Иди на мой голос. Эл Ригби
Читать онлайн книгу.Всех девочек, даже дурнушек, украшают подвенечные наряды, и она в глухом белом платье тоже стала почти красивой. Ею, такой спокойной и недвижной, можно было любоваться, если только не смотреть на тонкие обнаженные руки.
Не помог даже похоронный грим: кожа, когда-то изуродованная пламенем, а теперь и реактивами, лопнула. На запястьях проступала обожженная плоть. Впрочем, мисс Лайт и так-то никогда не заботилась о нежности своей кожи. Глупая, глупая девочка.
Грим не спас и лицо, поэтому его закрыли кружевной вуалью. Зато локоны, стелясь по гробовой подкладке, вились маленькими змейками. Волосы великолепного медно-каштанового оттенка не потускнели даже сейчас. Их украсили бледно-желтыми нарциссами; ажурные, будто резные лепестки источали тяжелый аромат, разносимый ветром. В этом запахе было что-то от лакрицы. Лакрицы и Рождества, которое уже не наступит.
Фелисия умерла очень молодой, а для юности нет ничего таинственнее смерти. Почти каждая из столпившихся у гроба, шмыгавших на холоде носиками девушек-гимназисток невольно представляла, что было бы, если бы в разверстую могильную яму погружали сейчас ее. У одних мысли были полны ужаса, и ужас отражался на побледневших, осунувшихся лицах. Других переполняло праздное любопытство, что тоже не могло ускользнуть от стороннего взгляда. Как сидел бы погребальный наряд, какие были бы цветы и много ли, кто из товарок плакал бы, кто лишился бы чувств…
Лорре́йн Белл не думала ни о чем. Она избегала смотреть на закрытое лицо.
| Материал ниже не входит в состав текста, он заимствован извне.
lemma exmap_chartist_unstable:
  assumes "0 < \<mu> + \<rho>" and "0 < wflex * \<beta>" and "0 < \<Omega>"
  shows "unstable (exmap \<mu> \<rho> \<beta> \<Omega> wflex dyBP \<theta> \<pi> 0 1) (- \<Omega> * dyBP, dyBP)"
proof -
  define k a g where "k = \<mu> + \<rho>" and "a = wflex * \<beta>" and "g = gamma_par \<mu> \<rho> \<theta> \<pi>"
  have "0 < k" and "0 < a"
    using assms(1,2) by (simp_all add: k_def a_def)
  have "lyapunov_stable (exmap \<mu> \<rho> \<beta> \<Omega> wflex dyBP \<theta> \<pi> 0 1) (- \<Omega> * dyBP, dyBP)
      \<longleftrightarrow> lyapunov_stable
        (\<lambda>(x, u). ((1 + k) * x + (k * \<Omega>) * u, (- a * g) * x + (1 - a - a * g * \<Omega>) * u)) 0"
    unfolding k_def a_def g_def by (rule lyapunov_stable_translate) (rule exmap_chartist_deviation)
  moreover have "(1 - (1 + k)) * (1 - (1 - a - a * g * \<Omega>)) < (k * \<Omega>) * (- a * g)"
    using \<open>0 < k\<close> \<open>0 < a\<close> by (simp add: algebra_simps)
  moreover have "k * \<Omega> \<noteq> 0"
    using \<open>0 < k\<close> assms(3) by simp
  ultimately show ?thesis
    unfolding unstable_def using planar_linear_map_not_lyapunov_stable by blast
qed

theorem proposition1:
  fixes \<mu> \<rho> \<beta> \<Omega> wflex dyBP \<theta> \<pi> wF wC :: real
  assumes "\<mu> > 0" and "\<rho> > 0" and "0 < \<beta>" and "\<beta> < 1"
    and "0 < \<Omega>" and "\<Omega> < 1" and "0 < wflex" and "wflex < 1"
    and "0 < \<theta>" and "\<theta> < 1" and "\<pi> > 0"
    and "(wF, wC) = (1, 0) \<or> (wF, wC) = (0, 1)"
  defines "T \<equiv> exmap \<mu> \<rho> \<beta> \<Omega> wflex dyBP \<theta> \<pi> wF wC"
    and "P1 \<equiv> (- \<Omega> * dyBP, dyBP)"
  shows "(\<forall>p. is_fixed_point T p \<longleftrightarrow> p = P1)
    \<and> ((wF, wC) = (1, 0) \<longrightarrow> locally_stable T P1)
    \<and> ((wF, wC) = (0, 1) \<longrightarrow> unstable T P1)"
proof -
  have "0 < \<mu> + \<rho>" and "0 < wflex * \<beta>" and "0 < gamma_par \<mu> \<rho> \<theta> \<pi>"
    using assms by (simp_all add: gamma_par_def)
  moreover have "wflex * \<beta> < 1"
    using mult_strict_mono[of wflex 1 \<beta> 1] assms(3,4,7,8) by simp
  moreover have "is_fixed_point T p \<longleftrightarrow> p = P1" for p
    unfolding T_def P1_def
    using \<open>0 < \<mu> + \<rho>\<close> \<open>0 < wflex * \<beta>\<close> assms(12) by (intro exmap_fixed_point_iff) auto
  ultimately show ?thesis
    using exmap_fundamentalist_locally_stable exmap_chartist_unstable assms(5)
    by (auto simp: T_def P1_def)
qed

end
Металась взглядом от оборок платья к нарциссам и другим, тоже украшавшим гроб цветам. Золотые лилии, сорт с музыкальным названием «Аллегро». Фелисия любила их, и их же, судя по мемуарам, любила знаменитая изобретательница Джильо́ла Аме́ри и… кто-то еще. Да, точно, Фелисия рассказывала, когда была жива. А может, это было в одной из десятков книг, которые они прочли вместе, заедая прочитанное конфетами и яблоками?..
– Лори. – Рука в бархатной перчатке легла на плечо. – Готова?
Мисс Белл закусила губу, слушая голос классной дамы. Руку на плечо ей клали только два человека – покойный отец и один старый ирландец, хозяин книжной лавки, о котором она не хотела вспоминать по многим причинам. Лорре́йн угрюмо дернулась и пробормотала:
– Да.
Ее выпустили.
– Тогда пора.
Шаг по заиндевевшей, будто кружевной траве. Еще шаг. Пастор удивленно глянул поверх книги: почему к яме идет чужая девушка? Где мать покойной? Отец? Жених?..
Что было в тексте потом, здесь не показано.